EXERCISE OBJECTIVE: Take the data below and copy exactly the lines starting at the one with "using frechet_derivative_works[THEN iffD1, OF" and finishing at the one with "unfolding \<phi>_def inner_diff_left", both included.

BEGIN INPUT RECORDS

(* Let $\mathcal X$ be a finite set, let $Q\in\mathbb R^{\mathcal X\times\mathcal X}$ be an irreducible generator matrix (off-diagonal entries nonnegative, rows summing to zero) with invariant probability vector $\pi$ having all entries strictly positive ($Q^{\mathsf T}\pi=0$, $\sum_x\pi_x=1$), and define $A\in\mathbb R^{\mathcal X\times\mathcal X}$ by $A_{xy}:=Q_{yx}\sqrt{\pi_y/\pi_x}-Q_{xy}\sqrt{\pi_x/\pi_y}$. Define $\tilde{\mathcal E}:\mathbb R^{\mathcal X}\to\mathbb R$ and $\tilde{\mathbb J}:\mathbb R^{\mathcal X}\to\mathbb R^{\mathcal X\times\mathcal X}$ by $$\tilde{\mathcal E}(\omega):=1-\sqrt\pi\cdot\omega,\qquad \tilde{\mathbb J}(\omega):=\tfrac12\big(\sqrt\pi\otimes(A\omega)-(A\omega)\otimes\sqrt\pi\big).$$ Then the ODE $\dot\omega=\frac12A\omega$ admits the Hamiltonian structure $(\mathbb R^{\mathcal X},\tilde{\mathcal E},\tilde{\mathbb J})$: $\tilde{\mathbb J}(\omega)$ is skew-symmetric for every $\omega$, the bracket $\{\mathcal G_1,\mathcal G_2\}(\omega):=\langle D\mathcal G_1(\omega),\tilde{\mathbb J}(\omega)D\mathcal G_2(\omega)\rangle$ satisfies the Jacobi identity, and $\frac12A\omega=\tilde{\mathbb J}(\omega)D\tilde{\mathcal E}(\omega)$ for all $\omega\in\mathbb R^{\mathcal X}$.
   Context: $\sqrt\pi$ denotes the entrywise square root, $v\cdot w$ and $\langle v,w\rangle$ the Euclidean inner product, $D$ the gradient, and $a\otimes b$ the outer product, i.e. the matrix with $(a\otimes b)v=\langle b,v\rangle a$. The ODE $\dot\omega=\frac12A\omega$ arises from $\dot\rho_x=\sum_{y\ne x}A_{xy}\sqrt{\rho_x\rho_y}$ via $\omega_x=\sqrt{\rho_x}$. *)

theory Defs
  imports "HOL-Analysis.Analysis"
begin

text \<open>Vectors in R^X are modelled as real^'x with 'x a finite type; matrices as real^'x^'x,
  with entry (x,y) written M$x$y.\<close>

definition generator :: "real^'x^'x \<Rightarrow> bool" where
  "generator Q \<longleftrightarrow> (\<forall>x y. x \<noteq> y \<longrightarrow> Q$x$y \<ge> 0) \<and> (\<forall>x. (\<Sum>y\<in>UNIV. Q$x$y) = 0)"

definition irreducible_gen :: "real^'x^'x \<Rightarrow> bool" where
  "irreducible_gen Q \<longleftrightarrow> (\<forall>x y. x \<noteq> y \<longrightarrow> (x, y) \<in> {(u, v). u \<noteq> v \<and> Q$u$v > 0}\<^sup>+)"

definition sqrtv :: "real^'x \<Rightarrow> real^'x" where
  "sqrtv p = (\<chi> x. sqrt (p$x))"

definition outer :: "real^'x \<Rightarrow> real^'x \<Rightarrow> real^'x^'x" where
  "outer a b = (\<chi> i j. a$i * b$j)"

definition Amat :: "real^'x^'x \<Rightarrow> real^'x \<Rightarrow> real^'x^'x" where
  "Amat Q p = (\<chi> x y. Q$y$x * sqrt (p$y / p$x) - Q$x$y * sqrt (p$x / p$y))"

definition Etil :: "real^'x \<Rightarrow> real^'x \<Rightarrow> real" where
  "Etil p w = 1 - sqrtv p \<bullet> w"

definition Jtil :: "real^'x^'x \<Rightarrow> real^'x \<Rightarrow> real^'x \<Rightarrow> real^'x^'x" where
  "Jtil Q p w = (1/2) *\<^sub>R (outer (sqrtv p) (Amat Q p *v w) - outer (Amat Q p *v w) (sqrtv p))"

definition grad :: "(real^'x \<Rightarrow> real) \<Rightarrow> real^'x \<Rightarrow> real^'x" where
  "grad G w = (\<chi> i. frechet_derivative G (at w) (axis i 1))"

definition bracket :: "(real^'x \<Rightarrow> real^'x^'x) \<Rightarrow> (real^'x \<Rightarrow> real) \<Rightarrow> (real^'x \<Rightarrow> real) \<Rightarrow> real^'x \<Rightarrow> real" where
  "bracket J G1 G2 w = grad G1 w \<bullet> (J w *v grad G2 w)"

end

theory Submission
  imports Defs
begin

text \<open>
  Write s = \<surd>\<pi> and M = A, so that Jtil(w) = (s \<otimes> Mw - Mw \<otimes> s) / 2. For such a structure
  the bracket is {F, G} = (XF \<cdot> YG - YF \<cdot> XG) / 2 with the first-order operators X = s \<cdot> \<nabla> and
  Y = Mw \<cdot> \<nabla>. In the cyclic sum of {F, {G, H}} all terms cancel except those involving the
  commutator [X, Y] F = Ms \<cdot> \<nabla>F + Mw \<cdot> (D\<twosuperior>F s) - s \<cdot> (D\<twosuperior>F Mw), and this vanishes because
  A\<surd>\<pi> = 0 (zero row sums of Q and stationarity of \<pi>) and second derivatives are symmetric.
  Symmetry is needed when \<nabla>F is merely differentiable at the point; it follows from the limit
  of the second difference quotient, computed with the mean value theorem.
  For the energy, D Etil = -s, s \<cdot> Mw = 0 by skew-symmetry of A, and s \<cdot> s = 1, so
  Jtil(w) (-s) = Aw / 2.
\<close>

lemma grad_inner_eq_derivative:
  fixes G :: "real^'n \<Rightarrow> real"
  assumes "(G has_derivative G') (at w)"
  shows "grad G w \<bullet> h = G' h"
proof -
  have "linear G'"
    using assms by (rule has_derivative_linear)
  have "G' h = G' (\<Sum>i\<in>UNIV. h $ i *\<^sub>R axis i 1)"
    by (simp add: basis_expansion[of h, unfolded scalar_mult_eq_scaleR])
  also have "\<dots> = (\<Sum>i\<in>UNIV. h $ i * G' (axis i 1))"
    by (simp add: linear_sum[OF \<open>linear G'\<close>] linear_scale[OF \<open>linear G'\<close>] o_def)
  also have "\<dots> = grad G w \<bullet> h"
    by (simp add: grad_def inner_vec_def mult.commute frechet_derivative_at[OF assms, symmetric])
  finally show ?thesis ..
qed

lemma has_derivative_grad:
  fixes G :: "real^'n \<Rightarrow> real"
  assumes "G differentiable (at w)"
  shows "(G has_derivative (\<lambda>h. grad G w \<bullet> h)) (at w)"
  using frechet_derivative_works[THEN iffD1, OF assms]
  by (simp add: grad_inner_eq_derivative)

definition second_difference ::
    "('a::real_vector \<Rightarrow> real) \<Rightarrow> 'a \<Rightarrow> 'a \<Rightarrow> 'a \<Rightarrow> real \<Rightarrow> real" where
  "second_difference f x u v t = f (x + t *\<^sub>R u + t *\<^sub>R v) - f (x + t *\<^sub>R u) - f (x + t *\<^sub>R v) + f x"

lemma second_difference_commute: "second_difference f x u v = second_difference f x v u"
  by (simp add: fun_eq_iff second_difference_def algebra_simps)

lemma second_difference_mean_value:
  fixes f :: "'a::real_inner \<Rightarrow> real"
  assumes df: "\<And>y. (f has_derivative (\<lambda>h. g y \<bullet> h)) (at y)" and "0 < t"
  obtains z where "0 < z" "z < t"
    "second_difference f x u v t = t * ((g (x + z *\<^sub>R u + t *\<^sub>R v) - g (x + z *\<^sub>R u)) \<bullet> u)"
proof -
  define \<phi> where "\<phi> r = f (x + r *\<^sub>R u + t *\<^sub>R v) - f (x + r *\<^sub>R u)" for r
  have "(\<phi> has_derivative (\<lambda>h. (g (x + r *\<^sub>R u + t *\<^sub>R v) - g (x + r *\<^sub>R u)) \<bullet> (h *\<^sub>R u)))
          (at r within {0..t})" for r
    unfolding \<phi>_def inner_diff_left
    by (rule derivative_eq_intros has_derivative_compose[OF _ df] | simp)+
  from mvt_simple[OF \<open>0 < t\<close> this] obtain z where "z \<in> {0<..<t}"
    "\<phi> t - \<phi> 0 = (g (x + z *\<^sub>R u + t *\<^sub>R v) - g (x + z *\<^sub>R u)) \<bullet> (t *\<^sub>R u)"
    by auto
  moreover have "\<phi> t - \<phi> 0 = second_difference f x u v t"
    by (simp add: \<phi>_def second_difference_def)
  ultimately show ?thesis
    by (intro that[of z]) simp_all
qed

lemma second_difference_bound:
  fixes f :: "'a::real_inner \<Rightarrow> real"
  assumes df: "\<And>y. (f has_derivative (\<lambda>h. g y \<bullet> h)) (at y)" and "linear H" and "0 < t"
    and remainder: "\<And>k. norm k \<le> t * (norm u + norm v) \<Longrightarrow> norm (g (x + k) - g x - H k) \<le> \<eta>"
  shows "\<bar>second_difference f x u v t - t\<^sup>2 * (H v \<bullet> u)\<bar>
           \<le> 2 * t * \<eta> * norm u"
proof -
  obtain z where z: "0 < z" "z < t" and mean_value:
    "second_difference f x u v t = t * ((g (x + z *\<^sub>R u + t *\<^sub>R v) - g (x + z *\<^sub>R u)) \<bullet> u)"
    using second_difference_mean_value[OF df \<open>0 < t\<close>] .
  define k1 k2 where "k1 = z *\<^sub>R u + t *\<^sub>R v" and "k2 = z *\<^sub>R u"
  have "norm k1 \<le> z * norm u + t * norm v" "norm k2 = z * norm u"
    unfolding k1_def k2_def using z by (auto intro: order_trans[OF norm_triangle_ineq])
  moreover have "z * norm u \<le> t * norm u"
    using z by (simp add: mult_right_mono)
  ultimately have "norm k1 \<le> t * (norm u + norm v)" "norm k2 \<le> t * (norm u + norm v)"
    using \<open>0 < t\<close> by (simp_all add: distrib_left add_increasing2)
  then have "norm ((g (x + k1) - g x - H k1) - (g (x + k2) - g x - H k2)) \<le> 2 * \<eta>"
    using remainder by (smt (verit) norm_triangle_ineq4)
  moreover have "H k1 - H k2 = t *\<^sub>R H v"
    unfolding k1_def k2_def using \<open>linear H\<close> by (simp add: linear_add linear_scale)
  ultimately have "norm (g (x + z *\<^sub>R u + t *\<^sub>R v) - g (x + z *\<^sub>R u) - t *\<^sub>R H v) \<le> 2 * \<eta>"
    unfolding k1_def k2_def by (simp add: algebra_simps)
  then have "\<bar>(g (x + z *\<^sub>R u + t *\<^sub>R v) - g (x + z *\<^sub>R u) - t *\<^sub>R H v) \<bullet> u\<bar> \<le> 2 * \<eta> * norm u"
    by (meson Cauchy_Schwarz_ineq2 mult_right_mono norm_ge_zero order_trans)
  moreover have "second_difference f x u v t - t\<^sup>2 * (H v \<bullet> u)
      = t * ((g (x + z *\<^sub>R u + t *\<^sub>R v) - g (x + z *\<^sub>R u) - t *\<^sub>R H v) \<bullet> u)"
    unfolding mean_value by (simp add: inner_diff_left power2_eq_square algebra_simps)
  ultimately show ?thesis
    using \<open>0 < t\<close> by (simp add: abs_mult mult_left_mono flip: mult.assoc)
qed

END INPUT RECORDS

COMPLETED TASK:
  using frechet_derivative_works[THEN iffD1, OF assms]
  by (simp add: grad_inner_eq_derivative)

definition second_difference ::
    "('a::real_vector \<Rightarrow> real) \<Rightarrow> 'a \<Rightarrow> 'a \<Rightarrow> 'a \<Rightarrow> real \<Rightarrow> real" where
  "second_difference f x u v t = f (x + t *\<^sub>R u + t *\<^sub>R v) - f (x + t *\<^sub>R u) - f (x + t *\<^sub>R v) + f x"

lemma second_difference_commute: "second_difference f x u v = second_difference f x v u"
  by (simp add: fun_eq_iff second_difference_def algebra_simps)

lemma second_difference_mean_value:
  fixes f :: "'a::real_inner \<Rightarrow> real"
  assumes df: "\<And>y. (f has_derivative (\<lambda>h. g y \<bullet> h)) (at y)" and "0 < t"
  obtains z where "0 < z" "z < t"
    "second_difference f x u v t = t * ((g (x + z *\<^sub>R u + t *\<^sub>R v) - g (x + z *\<^sub>R u)) \<bullet> u)"
proof -
  define \<phi> where "\<phi> r = f (x + r *\<^sub>R u + t *\<^sub>R v) - f (x + r *\<^sub>R u)" for r
  have "(\<phi> has_derivative (\<lambda>h. (g (x + r *\<^sub>R u + t *\<^sub>R v) - g (x + r *\<^sub>R u)) \<bullet> (h *\<^sub>R u)))
          (at r within {0..t})" for r
    unfolding \<phi>_def inner_diff_left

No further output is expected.